• Provided material

lemma esum_trunc_tendsto_of_decomposition:
  assumes term_eq: "\<And>n. esum_term idx n = c * (-1) ^ n / real n + r n"
    and r: "summable (\<lambda>n. \<bar>r n\<bar>)"
  shows "esum_trunc idx \<longlonglongrightarrow> euler_sum idx"
proof -
  have "esum_trunc idx = (\<lambda>M. c * (\<Sum>n\<le>M. (-1) ^ n / real n) + (\<Sum>n\<le>M. r n))"
    by (simp add: fun_eq_iff esum_trunc_eq_sum_term term_eq sum.distrib sum_distrib_left)
  also have "\<dots> \<longlonglongrightarrow> c * (\<Sum>n. (-1) ^ n / real n) + suminf r"
    by (intro tendsto_intros summable_LIMSEQ' summable_alternating_harmonic summable_rabs_cancel[OF r])
  finally have "convergent (esum_trunc idx)" by (rule convergentI)
  then show ?thesis by (simp add: euler_sum_def convergent_LIMSEQ_iff)
qed

section \<open>Asymptotic polynomials and the stuffle regularization\<close>

definition asymp_poly :: "(nat \<Rightarrow> real) \<Rightarrow> real poly \<Rightarrow> bool" where
  "asymp_poly f P \<longleftrightarrow> (\<lambda>M. f M - poly P (ln (real M) + euler_mascheroni)) \<longlonglongrightarrow> 0"

lemma poly_eq_0_if_tendsto_0:
  fixes p :: "real poly"
  assumes f: "filterlim f at_top F" and F: "F \<noteq> bot" and lim: "((\<lambda>t. poly p (f t)) \<longlongrightarrow> 0) F"
  shows "p = 0"
  using lim
proof (induction p rule: pCons_induct)
  case (pCons c q)
  then have "((\<lambda>t. c + f t * poly q (f t)) \<longlongrightarrow> 0) F" by simp
  then have "((\<lambda>t. (c + f t * poly q (f t)) * inverse (f t) - c * inverse (f t)) \<longlongrightarrow> 0 * 0 - c * 0) F"
    by (intro tendsto_intros tendsto_inverse_0_at_top f)
  moreover have "eventually (\<lambda>t. (c + f t * poly q (f t)) * inverse (f t) - c * inverse (f t) = poly q (f t)) F"
    using filterlim_at_top_dense[THEN iffD1, OF f, rule_format, of 0]
    by eventually_elim (simp add: field_simps)
  ultimately have "((\<lambda>t. poly q (f t)) \<longlongrightarrow> 0) F"
    by (simp add: tendsto_cong)
  then have "q = 0" by (rule pCons.IH)
  with pCons.prems have "((\<lambda>t. c) \<longlongrightarrow> 0) F" by simp
  then have "c = 0" using F tendsto_const_iff by blast
  with \<open>q = 0\<close> show ?case by simp
qed simp

lemma asymp_poly_unique:
  assumes "asymp_poly f P" "asymp_poly f Q"
  shows "P = Q"
proof -
  have at_top: "filterlim (\<lambda>M. ln (real M) + euler_mascheroni) at_top sequentially" by real_asymp
  have "(\<lambda>M. (f M - poly Q (ln (real M) + euler_mascheroni)) - (f M - poly P (ln (real M) + euler_mascheroni)))
      \<longlonglongrightarrow> 0 - 0"
    using assms unfolding asymp_poly_def by (intro tendsto_diff)
  then have "(\<lambda>M. poly (P - Q) (ln (real M) + euler_mascheroni)) \<longlonglongrightarrow> 0" by simp
  then have "P - Q = 0" by (rule poly_eq_0_if_tendsto_0[OF at_top sequentially_bot])
  then show ?thesis by simp
qed

lemma asymp_poly_const: "f \<longlonglongrightarrow> c \<Longrightarrow> asymp_poly f [:c:]"
  by (simp add: asymp_poly_def LIM_zero)

lemma asymp_poly_add: "asymp_poly f P \<Longrightarrow> asymp_poly g Q \<Longrightarrow> asymp_poly (\<lambda>M. f M + g M) (P + Q)"
  unfolding asymp_poly_def by (drule (1) tendsto_add) (simp add: algebra_simps)

lemma asymp_poly_smult: "asymp_poly f P \<Longrightarrow> asymp_poly (\<lambda>M. c * f M) (smult c P)"
  unfolding asymp_poly_def by (drule tendsto_mult_right_zero[of _ _ c]) (simp add: algebra_simps)

lemma asymp_poly_sum:
  "(\<And>i. i \<in> I \<Longrightarrow> asymp_poly (f i) (P i))
    \<Longrightarrow> asymp_poly (\<lambda>M. \<Sum>i\<in>I. f i M) (\<Sum>i\<in>I. P i)"
proof (induction I rule: infinite_finite_induct)
  case (insert i I)
  then show ?case by (simp add: asymp_poly_add)
qed (simp_all add: asymp_poly_def)

lemma asymp_poly_transfer: "asymp_poly f P \<Longrightarrow> (\<lambda>M. f M - g M) \<longlonglongrightarrow> 0 \<Longrightarrow> asymp_poly g P"
  unfolding asymp_poly_def by (drule (1) tendsto_diff) (simp add: algebra_simps)

lemma zeta_stuffle_eqI: "asymp_poly (esum_trunc idx) P \<Longrightarrow> zeta_stuffle idx = P"
  unfolding zeta_stuffle_def asymp_poly_def[symmetric] using asymp_poly_unique by blast

lemma asymp_poly_of_decomposition:
  assumes term_eq: "\<And>n. esum_term idx n = c / real n + r n"
    and r: "summable (\<lambda>n. \<bar>r n\<bar>)"
  shows "asymp_poly (esum_trunc idx) [:suminf r, c:]"
proof -
  have "(\<Sum>n\<le>M. c / real n) = c * harm M" for M
    by (simp add: harm_def atMost_atLeast0 sum.atLeast_Suc_atMost divide_inverse sum_distrib_left)
  then have "(\<lambda>M. esum_trunc idx M - poly [:suminf r, c:] (ln (real M) + euler_mascheroni))
      = (\<lambda>M. c * (harm M - ln (real M) - euler_mascheroni) + ((\<Sum>n\<le>M. r n) - suminf r))"
    by (simp add: fun_eq_iff esum_trunc_eq_sum_term term_eq sum.distrib algebra_simps)
  also have "\<dots> \<longlonglongrightarrow> c * (euler_mascheroni - euler_mascheroni) + (suminf r - suminf r)"
    by (intro tendsto_intros euler_mascheroni_LIMSEQ summable_LIMSEQ' summable_rabs_cancel[OF r])
  finally show ?thesis by (simp add: asymp_poly_def)
qed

• Description of the task
For the listing above, say how many lines hold the string "drule". Give only that number.

• Response
3